Re: Inconclusive answer when running tests for cephtool-test-mon.sh

Gregory Farnum <gfarnum@xxxxxxxxxx> · Tue, 6 Sep 2016 10:36:25 -0700



On Mon, Sep 5, 2016 at 8:18 AM, Willem Jan Withagen <wjw@xxxxxxxxxxx> wrote:
> On 5-9-2016 13:42, Willem Jan Withagen wrote:
>> Hi
>>
>> I would innterested to know why I get 2 different answers:
>>
>> (this is asking the OSDs directly?)
>> ceph osd dump
>>   but osd.0 is in, up, up_from 179 up_thru 185 down_at 176
>>   osd.1/2 are in, up, up_from 8/13 up_thru 224 down_at 0
>>
>> ceph -s reports 1 OSD down
>>
>> So all osds in the dump are in and up, but ...

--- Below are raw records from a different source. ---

lemma slice_variation_extend:
  assumes "s \<le> 1/5"
  shows "variation (\<lambda>t. h (square_reparam (s, t))) 0 1 \<le> ereal (l + L)"
proof -
  let ?F = "\<lambda>t. h (square_reparam (s, t))"
  define k where "k = peak_slope s"
  define m where "m = 4 / (2 * k + 3)"
  have k: "1/2 \<le> k" "k \<le> 3" using peak_slope_bounds unfolding k_def by auto
  have m: "0 \<le> m" "m \<le> 1" using k unfolding m_def by (auto simp: field_simps)
  have turn: "k * t \<le> 2 - 3/2 * t \<longleftrightarrow> t \<le> m" "2 - 3/2 * t \<le> k * t \<longleftrightarrow> m \<le> t" for t
    using k unfolding m_def by (simp_all add: field_simps)
  have head: "variation ?F 0 m \<le> ereal L"
  proof (rule loop_piece_variation[where \<tau> = 0 and g = "\<lambda>t. min (k * t) 1"])
    show "mono_on {0..m} (\<lambda>t. min (k * t) 1)"
      using k by (auto intro!: monotone_onI min.mono mult_left_mono)
    show "(\<lambda>t. min (k * t) 1) ` {0..m} \<subseteq> {0..1}" using k by auto
    show "square_reparam (s, t) = (0, min (k * t) 1)" if "t \<in> {0..m}" for t
      using that turn(1)[of t] square_reparam_extend[OF assms, of t] by (auto simp: k_def min_def)
  qed simp
  have tail: "variation ?F m 1 \<le> ereal l"
  proof (rule tail_piece_variation[where g = "\<lambda>t. min 1 (2 - 3/2 * t)"])
    show "antimono_on {m..1} (\<lambda>t. min 1 (2 - 3/2 * t))" by (auto intro!: monotone_onI)
    show "(\<lambda>t. min 1 (2 - 3/2 * t)) ` {m..1} \<subseteq> {1/2..1}" using m by auto
    show "square_reparam (s, t) = (0, min 1 (2 - 3/2 * t))" if "t \<in> {m..1}" for t
      using that turn(2)[of t] m square_reparam_extend[OF assms, of t] by (auto simp: k_def min_def)
  qed
  have "variation ?F 0 1 \<le> variation ?F 0 m + variation ?F m 1"
    using m by (rule variation_split_le)
  also have "\<dots> \<le> ereal L + ereal l" using head tail by (rule add_mono)
  finally show ?thesis by (simp add: add.commute)
qed

lemma slice_variation_middle:
  assumes "1/5 \<le> s" "s \<le> 4/5"
  shows "variation (\<lambda>t. h (square_reparam (s, t))) 0 1 \<le> ereal (l + L)"
proof -
  let ?F = "\<lambda>t. h (square_reparam (s, t))"
  have first: "variation ?F 0 (1/3) \<le> ereal L"
  proof (cases "s \<le> 2/5")
    case True
    show ?thesis
    proof (rule loop_piece_variation[where \<tau> = "contract_time s" and g = "\<lambda>t. 3 * t"])
      show "contract_time s \<in> {0..1}" using unit_clamp_bounds by (simp add: contract_time_def)
    qed (use True assms in \<open>auto intro!: monotone_onI square_reparam_contract\<close>)
  next
    case False
    then have "variation ?F 0 (1/3) = 0"
      using assms by (intro base_piece_variation square_reparam_slide) auto
    then show ?thesis using loop_bound_nonneg by simp
  qed
  have middle: "variation ?F (1/3) (2/3) = 0"
    using assms by (intro base_piece_variation square_reparam_pause) auto
  have last: "variation ?F (2/3) 1 \<le> ereal l"
  proof (rule tail_piece_variation[where g = "\<lambda>t. 2 - 3/2 * t"])
    show "square_reparam (s, t) = (0, 2 - 3/2 * t)" if "t \<in> {2/3..1}" for t
      using assms that by (intro square_reparam_return) auto
  qed (auto intro!: monotone_onI)
  have "variation ?F 0 1 \<le> variation ?F 0 (1/3) + variation ?F (1/3) 1"
    by (rule variation_split_le) auto
  also have "\<dots> \<le> variation ?F 0 (1/3) + (variation ?F (1/3) (2/3) + variation ?F (2/3) 1)"
    by (intro add_left_mono variation_split_le) auto
  also have "\<dots> \<le> ereal L + (0 + ereal l)"
    using first middle last by (intro add_mono) auto
  finally show ?thesis by (simp add: add.commute)
qed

>> I guess that osd.0 is telling me when it came back and that it has not
>> all the data that osd.1/2 have because they go up to 224
>>
>> Which is why ceph -s tells me that one osd is down?
>> Or did the leading MON nog get fully informed.
>>
>> What daemon is missing what part of the communication?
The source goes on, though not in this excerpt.